Duchess consort of Bavaria

Agnes of the Palatinate (1201–1267) was a daughter of Henry V, Count Palatine of the Rhine, of the House of Welf, by his first wife Agnes of Hohenstaufen, daughter and heiress of Conrad of Hohenstaufen, Count Palatine of the Rhine. She married Otto II Wittelsbach, Duke of Bavaria.

== Family ==
Agnes was the youngest of three children born to her father by both of his marriages. Her father's second wife, also called Agnes, was the daughter of Conrad II, Margrave of Lusatia. Agnes' older sister was Irmgard, wife of Herman V, Margrave of Baden-Baden and her brother was Henry VI, Count Palatine of the Rhine.

== Marriage ==
Agnes married Otto II at Worms when he came of age in 1222. With this marriage, the Wittelsbach family inherited Palatinate and kept it as a Wittelsbach possession until 1918. Since that time also the lion has become a heraldic symbol in the coat-of-arms for Bavaria and the Palatinate.

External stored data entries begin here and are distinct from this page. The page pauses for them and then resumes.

lemma approx_Clo_bodies:
  assumes len: "length ys = length ys'"
    and bodies: "\<And>r r' m'. eval r' D' m' \<Longrightarrow>
      \<forall>a b. rel_upds R ys ys' a b \<longrightarrow> approx m' (r a) (r' b) \<Longrightarrow> \<exists>m\<le>m'. eval r D m"
  shows "\<forall>a b. R a b \<longrightarrow> approx k (s a) (s' b) \<Longrightarrow> approx k (Clo ys D s) (Clo ys' D' s')"
proof (induction k)
  case 0
  then show ?case using len by (simp add: shape_approx_def)
next
  case (Suc k)
  then have "approx k (Clo ys D s) (Clo ys' D' s')" by (meson approx_mono le_SucI order_refl)
  moreover have "\<exists>n\<le>n'. eval_app (Clo ys D s) vs n"
    if vs: "list_all2 (approx k) vs vs'" and app: "eval_app (Clo ys' D' s') vs' n'"
      and "n' \<le> Suc k" for vs vs' n'
  proof (cases "length ys' = length vs'")
    case False
    then show ?thesis using list_all2_lengthD[OF vs] len
      by (auto intro!: eval_app_arity exI[of _ 0])
  next
    case True
    with app obtain m' where "n' = Suc m'" and body: "eval (upds s' ys' vs') D' m'"
      by (auto elim: eval_app_CloE)
    then have "m' \<le> k" using \<open>n' \<le> Suc k\<close> by simp
    then have "\<forall>a b. R a b \<longrightarrow> approx m' (s a) (s' b)" and "list_all2 (approx m') vs vs'"
      using Suc.prems list_all2_approx_mono[OF vs] by (meson approx_mono le_SucI)+
    then have "\<forall>a b. rel_upds R ys ys' a b \<longrightarrow> approx m' (upds s ys vs a) (upds s' ys' vs' b)"
      using approx_rel_upds len True list_all2_lengthD[OF vs] by simp
    then obtain m where "m \<le> m'" and "eval (upds s ys vs) D m" using bodies[OF body] by blast
    then show ?thesis
      using \<open>n' = Suc m'\<close> True list_all2_lengthD[OF vs] len by (auto intro!: eval_app_Clo)
  qed
  ultimately show ?case by simp
qed
lemma AE_averages_tendsto_zero_of_quasi_orthogonal:
  fixes h :: "nat \<Rightarrow> 'a \<Rightarrow> real"
  assumes B: "B \<in> sets M" "emeasure M B < \<infinity>"
    and h: "\<And>n. h n \<in> borel_measurable M" "\<And>n x. \<bar>h n x\<bar> \<le> 1"
    and orth: "\<And>n m. n + k \<le> m \<Longrightarrow> (\<integral>x. indicator B x * h n x * h m x \<partial>M) = 0"
  shows "AE x in M. x \<in> B \<longrightarrow> (\<lambda>N. (\<Sum>n\<in>{1..N}. h n x) / real N) \<longlonglongrightarrow> 0"
proof -
  define S where "S N x = (\<Sum>n\<in>{1..N}. h n x)" for N x
  define W where "W j x = indicator B x * (S (j\<^sup>2) x / real (j\<^sup>2))\<^sup>2" for j x
  define c where "c = real (2 * k) * measure M B"
  have [measurable]: "h n \<in> borel_measurable M" for n by (rule h(1))
  have [measurable]: "S N \<in> borel_measurable M" for N unfolding S_def by measurable
  have "\<bar>S N x\<bar> \<le> real N" for N x
  proof -
    have "\<bar>S N x\<bar> \<le> (\<Sum>n\<in>{1..N}. \<bar>h n x\<bar>)" unfolding S_def by (rule sum_abs)
    also have "\<dots> \<le> (\<Sum>n\<in>{1..N}. 1)" by (intro sum_mono h(2))
    finally show ?thesis by simp
  qed
  then have square_le: "(S N x / real N)\<^sup>2 \<le> 1" for N x
    by (cases "N = 0") (simp_all add: abs_square_le_1 abs_divide)
  then have int: "integrable M (W j)" for j
    using integrableI_bounded_set_indicator[OF B(1) _ B(2), of "\<lambda>x. (S (j\<^sup>2) x / real (j\<^sup>2))\<^sup>2" 1]
      square_le[of "j\<^sup>2"]
    by (simp add: W_def[abs_def] del: of_nat_power)
  have W_nonneg: "0 \<le> W j x" for j x by (simp add: W_def)
  have integral_W_le: "(\<integral>x. W j x \<partial>M) \<le> c * inverse (real j ^ 2)" for j
  proof -
    have "(\<integral>x. W j x \<partial>M) = (\<integral>x. indicator B x * (S (j\<^sup>2) x)\<^sup>2 \<partial>M) / (real (j\<^sup>2))\<^sup>2"
      by (simp add: W_def power_divide flip: integral_divide_zero)
    also have "\<dots> \<le> real (2 * k * j\<^sup>2) * measure M B / (real (j\<^sup>2))\<^sup>2"
      unfolding S_def by (intro divide_right_mono integral_indicator_square_sum_le B h orth) simp_all
    also have "\<dots> = c * inverse (real j ^ 2)"
      by (cases "j = 0") (simp_all add: c_def power2_eq_square field_simps)
    finally show ?thesis .
  qed
  have "summable (\<lambda>j. c * inverse (real j ^ 2))"
    by (intro summable_mult inverse_power_summable) simp
  then have "summable (\<lambda>j. \<integral>x. W j x \<partial>M)"
    by (rule summable_comparison_test') (simp add: Bochner_Integration.integral_nonneg W_nonneg integral_W_le)
  with int W_nonneg have "AE x in M. (\<lambda>j. W j x) \<longlonglongrightarrow> 0"
    by (rule AE_tendsto_zero_of_summable_integrals)
  then show ?thesis
  proof (rule AE_mp, intro AE_I2 impI)
    fix x assume "(\<lambda>j. W j x) \<longlonglongrightarrow> 0" and "x \<in> B"
    then have "(\<lambda>j. (S (j\<^sup>2) x / real (j\<^sup>2))\<^sup>2) \<longlonglongrightarrow> 0" by (simp add: W_def)
    then have "(\<lambda>j. sqrt ((S (j\<^sup>2) x / real (j\<^sup>2))\<^sup>2)) \<longlonglongrightarrow> sqrt 0" by (rule tendsto_real_sqrt)
    then have "(\<lambda>j. \<bar>S (j\<^sup>2) x / real (j\<^sup>2)\<bar>) \<longlonglongrightarrow> 0" by (simp only: real_sqrt_abs real_sqrt_zero)
    then have squares: "(\<lambda>j. S (j\<^sup>2) x / real (j\<^sup>2)) \<longlonglongrightarrow> 0" by (rule tendsto_rabs_zero_cancel)
    have "S (Suc n) x = S n x + h (Suc n) x" for n by (simp add: S_def)
    then have steps: "\<bar>S (Suc n) x - S n x\<bar> \<le> 1" for n by (simp add: h(2))
    show "(\<lambda>N. (\<Sum>n\<in>{1..N}. h n x) / real N) \<longlonglongrightarrow> 0"
      using LIMSEQ_averages_of_squares[of "\<lambda>N. S N x", OF steps squares] unfolding S_def .
  qed
qed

In 1231 upon the death of Otto's father, Louis I, Duke of Bavaria, Otto and Agnes became Duke and Duchess of Bavaria.

After a dispute with Emperor Frederick II was ended, Otto joined the Hohenstaufen party in 1241. Their daughter, Elizabeth, was married to Frederick's son Conrad IV. Because of this, Otto was excommunicated by the pope.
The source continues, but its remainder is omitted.